On Thursday, the Los Angeles County district attorney said that Your office will review possible evidence to determine whether the brothers should be resentenced and possibly released, officials said.

Erik Menndez was 18 and Lyle Menndez was 21 when their parents were shot to death in 1989.

My hope is that Erik and Lyle Menndez’s life sentences will be reconsidered, Kardashian says.

We owe it to those little children who lost their childhood, who never had the opportunity to be heard, helped or saved, he adds.

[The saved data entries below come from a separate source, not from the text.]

(* Let $p$ be a prime, $e\geq 2$, $N=\langle\sigma\rangle$ cyclic of order $p^e$, and let $a$ be an integer with $a\equiv 1\pmod p$, and $u$ any integer. (a) If $p$ is odd, then the order of $[\sigma^u,\varphi_a]$ in $\mathrm{Hol}(N)$ is $\max\{p^{e-v_p(u)},|\varphi_a|\}$. (b) If $p=2$, then the order of $[\sigma^u,\varphi_a]$ is $\max\{2^{e-v_2(u)},|\varphi_a|\}$ if $a\equiv 1\pmod 4$, and $\max\{2^{e-v_2(u)-v_2(\frac{a+1}{2})},|\varphi_a|\}$ if $a\equiv 3\pmod 4$.
   Context: For an integer $a$ coprime to $p$, $\varphi_a\in\mathrm{Aut}(N)$ is $\sigma\mapsto\sigma^a$. Elements of $\mathrm{Hol}(N)=N\rtimes\mathrm{Aut}(N)$ are written $[\sigma^u,\varphi_a]$ with $[\sigma^u,\varphi_a][\sigma^v,\varphi_b]=[\sigma^{u+va},\varphi_{ab}]$. $v_p(m)$ is the $p$-adic valuation of $m$, with $v_p(0)=\infty$ (so that $p^{e-v_p(u)}$ is interpreted as $1$ when $\sigma^u=1$, i.e. exponents below $0$ give order $1$). *)

theory Defs
  imports "HOL-Algebra.Algebra" "HOL-Library.Extended_Nat"
    "HOL-Computational_Algebra.Factorial_Ring" "HOL-Number_Theory.Cong"
begin

text \<open>The cyclic group N of order n, modelled as the integers 0..n-1 under addition mod n,
  written multiplicatively (generator sigma = 1, so sigma to the power u is u mod n).\<close>
definition CycN :: "nat \<Rightarrow> int monoid" where
  "CycN n = \<lparr>carrier = {0..<int n}, monoid.mult = (\<lambda>x y. (x + y) mod int n), one = 0\<rparr>"

definition phiA :: "nat \<Rightarrow> int \<Rightarrow> (int \<Rightarrow> int)" where
  "phiA n a = restrict (\<lambda>x. (a * x) mod int n) (carrier (CycN n))"

definition Hol :: "('a, 'b) monoid_scheme \<Rightarrow> ('a \<times> ('a \<Rightarrow> 'a)) monoid" where
  "Hol N = \<lparr>carrier = carrier N \<times> auto N,
            monoid.mult = (\<lambda>(x, f) (y, g). (x \<otimes>\<^bsub>N\<^esub> f y, compose (carrier N) f g)),
            one = (\<one>\<^bsub>N\<^esub>, restrict id (carrier N))\<rparr>"

definition vp :: "nat \<Rightarrow> int \<Rightarrow> enat" where
  "vp p m = (if m = 0 then \<infinity> else enat (multiplicity (int p) m))"

end

theory Submission
  imports Defs
begin

text \<open>
  In the holomorph, [\<sigma>^u, \<phi>_a]^n = [\<sigma>^(u S(n)), \<phi>_(a^n)] with S(n) = 1 + a + ... + a^(n-1),
  so this power is trivial iff p^e divides u S(n) and |\<phi>_a| divides n. The order is therefore
  the lcm of |\<phi>_a| and of the least n with p^e | u S(n); as |\<phi>_a| is a power of p, this lcm
  is a maximum. If a = 1 modulo p (p odd) or modulo 4 (p = 2), lifting the exponent gives
  v_p(S(n)) = v_p(n), so the least such n is p^(e - v_p(u)). If p = 2 and a = 3 modulo 4, then
  |\<phi>_a| is even, and S(2m) = (a + 1) (1 + a^2 + ... + a^(2(m-1))) with a^2 = 1 modulo 4
  reduces to the previous case.
\<close>

section \<open>Geometric sums and lifting the exponent\<close>

definition geom_sum :: "'a::comm_semiring_1 \<Rightarrow> nat \<Rightarrow> 'a" where
  "geom_sum b n = (\<Sum>i<n. b ^ i)"

lemma geom_sum_0 [simp]: "geom_sum b 0 = 0"
  by (simp add: geom_sum_def)

lemma geom_sum_Suc: "geom_sum b (Suc n) = geom_sum b n + b ^ n"
  by (simp add: geom_sum_def)

lemma geom_sum_2: "geom_sum b 2 = 1 + b"
  by (simp add: geom_sum_def numeral_2_eq_2)

lemma geom_sum_add: "geom_sum b (k + l) = geom_sum b k + b ^ k * geom_sum b l"
  by (induction l) (simp_all add: geom_sum_Suc algebra_simps power_add)

lemma geom_sum_mult: "geom_sum b (q * m) = geom_sum b q * geom_sum (b ^ q) m"
proof (induction m)
  case 0
  then show ?case by simp
next
  case (Suc m)
  have "geom_sum b (q * Suc m) = geom_sum b (q * m) + b ^ (q * m) * geom_sum b q"
    using geom_sum_add[of b "q * m" q] by (simp add: add.commute)
  also have "\<dots> = geom_sum b q * geom_sum (b ^ q) (Suc m)"
    using Suc by (simp add: geom_sum_Suc algebra_simps flip: power_mult)
  finally show ?case .
qed

lemma power_minus_1_eq_geom_sum: "(b::'a::comm_ring_1) ^ n - 1 = (b - 1) * geom_sum b n"
  by (simp add: geom_sum_def power_diff_1_eq)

The brothers’ case has generated renewed interest with the Netflix biographical series Monsters: The Lyle and Erik Menendez Story, and their lives are the subject of an upcoming documentary on Netflix, The Menendez Brothers.

Last month, Kardashian met the brothers when she spoke about prison reform with inmates at a California prison near San Diego. Actor Cooper Koch, who plays Erik Menndez in the Netflix series, accompanies her.

Erik Menndez, now 53, had previously criticized the dramatized depiction of his and his brother’s life in the Netflix series as “blatant lies” and accused the show’s creator, Ryan Murphy, of deliberately presenting a caricature of Lyle Menndez. , who is now 56 years old.

At their first trial in 1993, which was televised, the brothers said their father, a record company executive, sexually abused them for years and that they acted in self-defense out of fear and prolonged trauma. Prosecutors, however, said they murdered their parents to inherit money and went on a spending spree.

The first trial ended with hung juries. When the brothers were tried together again beginning in 1995, most of their abuse allegations were deemed inadmissible in court. They were found guilty and sentenced to life in prison without parole.

The socialite seeks to allow the father to attend his daughter’s funeral.

Kardashian acknowledged in her essay that the brothers’ crimes are not excusable and neither was their behavior after the murders.

But, he argues, there were also limited resources for victims of sexual abuse, particularly children, at the time.

I don’t think spending his entire natural life in prison was the appropriate punishment for this complex case. If this crime had been committed and tried today, I believe the outcome would have been dramatically different, he writes.

The brothers’ lawyers are trying to challenge their imprisonment based on evidence that was not disclosed at trial.

Kardashian has been a strong advocate for judicial reform. In April, he joined Vice President Kamala Harris for a White House roundtable with four people whom President Joe Biden had pardoned earlier in the week for nonviolent drug offenses.

Kardashian also visited the White House during former President Donald Trump’s administration on several occasions, including in 2018, when she pushed for the release of Alice Marie Johnson, who was serving a life sentence for a nonviolent drug offense. Trump commuted Johnson’s sentence a few days after the meeting.

In 2019, Kardashian said she was studying to obtain her law degree.